• _Assignment_: Set down all the records below, word for word.

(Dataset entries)
lemma deviation_step_le:
  fixes A B C G K c \<epsilon> :: real
  assumes "A \<le> G * B" "0 \<le> G" "B \<le> C" "1 \<le> C" "0 \<le> \<epsilon>" "G + 1 + c \<le> K"
  shows "\<epsilon> * (A + 1) + c * (C * \<epsilon>) \<le> K * (C * \<epsilon>)"
proof -
  have "A \<le> G * C"
    using assms(1-3) by (meson mult_left_mono order_trans)
  then have "\<epsilon> * (A + 1) \<le> \<epsilon> * (G * C + C)"
    using assms(4,5) by (intro mult_left_mono) auto
  then have "\<epsilon> * (A + 1) + c * (C * \<epsilon>) \<le> (G + 1 + c) * (C * \<epsilon>)"
    by (simp add: algebra_simps)
  also have "\<dots> \<le> K * (C * \<epsilon>)"
    using assms(4-6) by (intro mult_right_mono) auto
  finally show ?thesis .
qed

lemma fnn_eval_fuel_in_node:
  "v \<in> in_nodes V E \<Longrightarrow> fnn_eval_fuel m V E a x w b v = x v"
  by (cases m) auto

locale fnn_perturbation =
  fixes V :: "'v set" and E :: "('v \<times> 'v) set"
    and a a' :: "'v \<Rightarrow> real \<Rightarrow> real" and x b :: "'v \<Rightarrow> real" and w :: "'v \<times> 'v \<Rightarrow> real"
    and D W L L' M X \<epsilon> :: real
  assumes dag: "fnn_dag V E"
    and deg: "\<forall>v\<in>V. real (in_degree E v) \<le> D"
    and weights: "\<forall>e\<in>E. \<bar>w e\<bar> \<le> W"
    and lip: "\<forall>v\<in>V. L-lipschitz_on UNIV (a v)" and lip': "\<forall>v\<in>V. L'-lipschitz_on UNIV (a' v)"
    and approx: "\<forall>v\<in>V. eps_approx \<epsilon> (a v) (a' v)"
    and act0: "\<forall>v\<in>V. \<bar>a v 0\<bar> \<le> M"
    and inputs: "\<forall>v\<in>in_nodes V E. \<bar>x v\<bar> \<le> X" and biases: "\<forall>v\<in>V. \<bar>b v\<bar> + 1 \<le> X"
    and nonneg: "0 \<le> L" "0 \<le> L'" "0 \<le> D" "0 \<le> W" "0 \<le> \<epsilon>"
    and L_le_M: "L \<le> M" and X_ge_1: "1 \<le> X"
begin

lemma fuel_Suc_bounds:
  assumes v: "v \<in> V" "v \<notin> in_nodes V E"
    and preds: "\<forall>u. (u, v) \<in> E \<longrightarrow> \<bar>fnn_eval_fuel m V E a x w b u\<bar> \<le> B
      \<and> \<bar>fnn_eval_fuel m V E a x w b u - fnn_eval_fuel m V E a' x w b u\<bar> \<le> R"
    and "X \<le> B" "0 \<le> R"
  shows "\<bar>fnn_eval_fuel (Suc m) V E a x w b v\<bar> \<le> (M + L * D * W) * B"
    and "\<bar>fnn_eval_fuel (Suc m) V E a x w b v - fnn_eval_fuel (Suc m) V E a' x w b v\<bar>
      \<le> \<epsilon> * ((M + L * D * W) * B + 1) + L' * D * W * R"
proof -
  let ?P = "{u. (u, v) \<in> E}"
  have card: "real (card ?P) \<le> D" and weights_v: "\<forall>u\<in>?P. \<bar>w (u, v)\<bar> \<le> W"
    using deg weights v(1) unfolding in_degree_def by auto
  have pred_values: "\<forall>u\<in>?P. \<bar>fnn_eval_fuel m V E a x w b u\<bar> \<le> B"
    and pred_errors: "\<forall>u\<in>?P. \<bar>fnn_eval_fuel m V E a x w b u - fnn_eval_fuel m V E a' x w b u\<bar> \<le> R"
    using preds by auto
  have bias: "\<bar>b v\<bar> + 1 \<le> B"
    using biases v(1) \<open>X \<le> B\<close> by fastforce
  note neuron = neuron_bounds[OF card weights_v pred_values pred_errors lip[rule_format, OF v(1)]
      lip'[rule_format, OF v(1)] approx[rule_format, OF v(1)] act0[rule_format, OF v(1)]
      nonneg(1) L_le_M bias nonneg(4) \<open>0 \<le> R\<close> nonneg(2,5)]
  show "\<bar>fnn_eval_fuel (Suc m) V E a x w b v\<bar> \<le> (M + L * D * W) * B"
    and "\<bar>fnn_eval_fuel (Suc m) V E a x w b v - fnn_eval_fuel (Suc m) V E a' x w b v\<bar>
      \<le> \<epsilon> * ((M + L * D * W) * B + 1) + L' * D * W * R"
    using neuron v(2) by simp_all
qed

• _Completed exercise_:
lemma deviation_step_le:
  fixes A B C G K c \<epsilon> :: real
  assumes "A \<le> G * B" "0 \<le> G" "B \<le> C" "1 \<le> C" "0 \<le> \<epsilon>" "G + 1 + c \<le> K"
  shows "\<epsilon> * (A + 1) + c * (C * \<epsilon>) \<le> K * (C * \<epsilon>)"
proof -
  have "A \<le> G * C"
    using assms(1-3) by (meson mult_left_mono order_trans)
  then have "\<epsilon> * (A + 1) \<le> \<epsilon> * (G * C + C)"
    using assms(4,5) by (intro mult_left_mono) auto
  then have "\<epsilon> * (A + 1) + c * (C * \<epsilon>) \<le> (G + 1 + c) * (C * \<epsilon>)"
    by (simp add: algebra_simps)
  also have "\<dots> \<le> K * (C * \<epsilon>)"
    using assms(4-6) by (intro mult_right_mono) auto
  finally show ?thesis .
qed

lemma fnn_eval_fuel_in_node:
  "v \<in> in_nodes V E \<Longrightarrow> fnn_eval_fuel m V E a x w b v = x v"
  by (cases m) auto

locale fnn_perturbation =
  fixes V :: "'v set" and E :: "('v \<times> 'v) set"
    and a a' :: "'v \<Rightarrow> real \<Rightarrow> real" and x b :: "'v \<Rightarrow> real" and w :: "'v \<times> 'v \<Rightarrow> real"
    and D W L L' M X \<epsilon> :: real
  assumes dag: "fnn_dag V E"
    and deg: "\<forall>v\<in>V. real (in_degree E v) \<le> D"
    and weights: "\<forall>e\<in>E. \<bar>w e\<bar> \<le> W"
    and lip: "\<forall>v\<in>V. L-lipschitz_on UNIV (a v)" and lip': "\<forall>v\<in>V. L'-lipschitz_on UNIV (a' v)"
    and approx: "\<forall>v\<in>V. eps_approx \<epsilon> (a v) (a' v)"
    and act0: "\<forall>v\<in>V. \<bar>a v 0\<bar> \<le> M"
    and inputs: "\<forall>v\<in>in_nodes V E. \<bar>x v\<bar> \<le> X" and biases: "\<forall>v\<in>V. \<bar>b v\<bar> + 1 \<le> X"
    and nonneg: "0 \<le> L" "0 \<le> L'" "0 \<le> D" "0 \<le> W" "0 \<le> \<epsilon>"
    and L_le_M: "L \<le> M" and X_ge_1: "1 \<le> X"
begin

lemma fuel_Suc_bounds:
  assumes v: "v \<in> V" "v \<notin> in_nodes V E"
    and preds: "\<forall>u. (u, v) \<in> E \<longrightarrow> \<bar>fnn_eval_fuel m V E a x w b u\<bar> \<le> B
      \<and> \<bar>fnn_eval_fuel m V E a x w b u - fnn_eval_fuel m V E a' x w b u\<bar> \<le> R"
    and "X \<le> B" "0 \<le> R"
  shows "\<bar>fnn_eval_fuel (Suc m) V E a x w b v\<bar> \<le> (M + L * D * W) * B"
    and "\<bar>fnn_eval_fuel (Suc m) V E a x w b v - fnn_eval_fuel (Suc m) V E a' x w b v\<bar>
      \<le> \<epsilon> * ((M + L * D * W) * B + 1) + L' * D * W * R"
proof -
  let ?P = "{u. (u, v) \<in> E}"
  have card: "real (card ?P) \<le> D" and weights_v: "\<forall>u\<in>?P. \<bar>w (u, v)\<bar> \<le> W"
    using deg weights v(1) unfolding in_degree_def by auto
  have pred_values: "\<forall>u\<in>?P. \<bar>fnn_eval_fuel m V E a x w b u\<bar> \<le> B"
    and pred_errors: "\<forall>u\<in>?P. \<bar>fnn_eval_fuel m V E a x w b u - fnn_eval_fuel m V E a' x w b u\<bar> \<le> R"
    using preds by auto
  have bias: "\<bar>b v\<bar> + 1 \<le> B"
    using biases v(1) \<open>X \<le> B\<close> by fastforce
  note neuron = neuron_bounds[OF card weights_v pred_values pred_errors lip[rule_format, OF v(1)]
      lip'[rule_format, OF v(1)] approx[rule_format, OF v(1)] act0[rule_format, OF v(1)]
      nonneg(1) L_le_M bias nonneg(4) \<open>0 \<le> R\<close> nonneg(2,5)]
  show "\<bar>fnn_eval_fuel (Suc m) V E a x w b v\<bar> \<le> (M + L * D * W) * B"
    and "\<bar>fnn_eval_fuel (Suc m) V E a x w b v - fnn_eval_fuel (Suc m) V E a' x w b v\<bar>
      \<le> \<epsilon> * ((M + L * D * W) * B + 1) + L' * D * W * R"
    using neuron v(2) by simp_all
qed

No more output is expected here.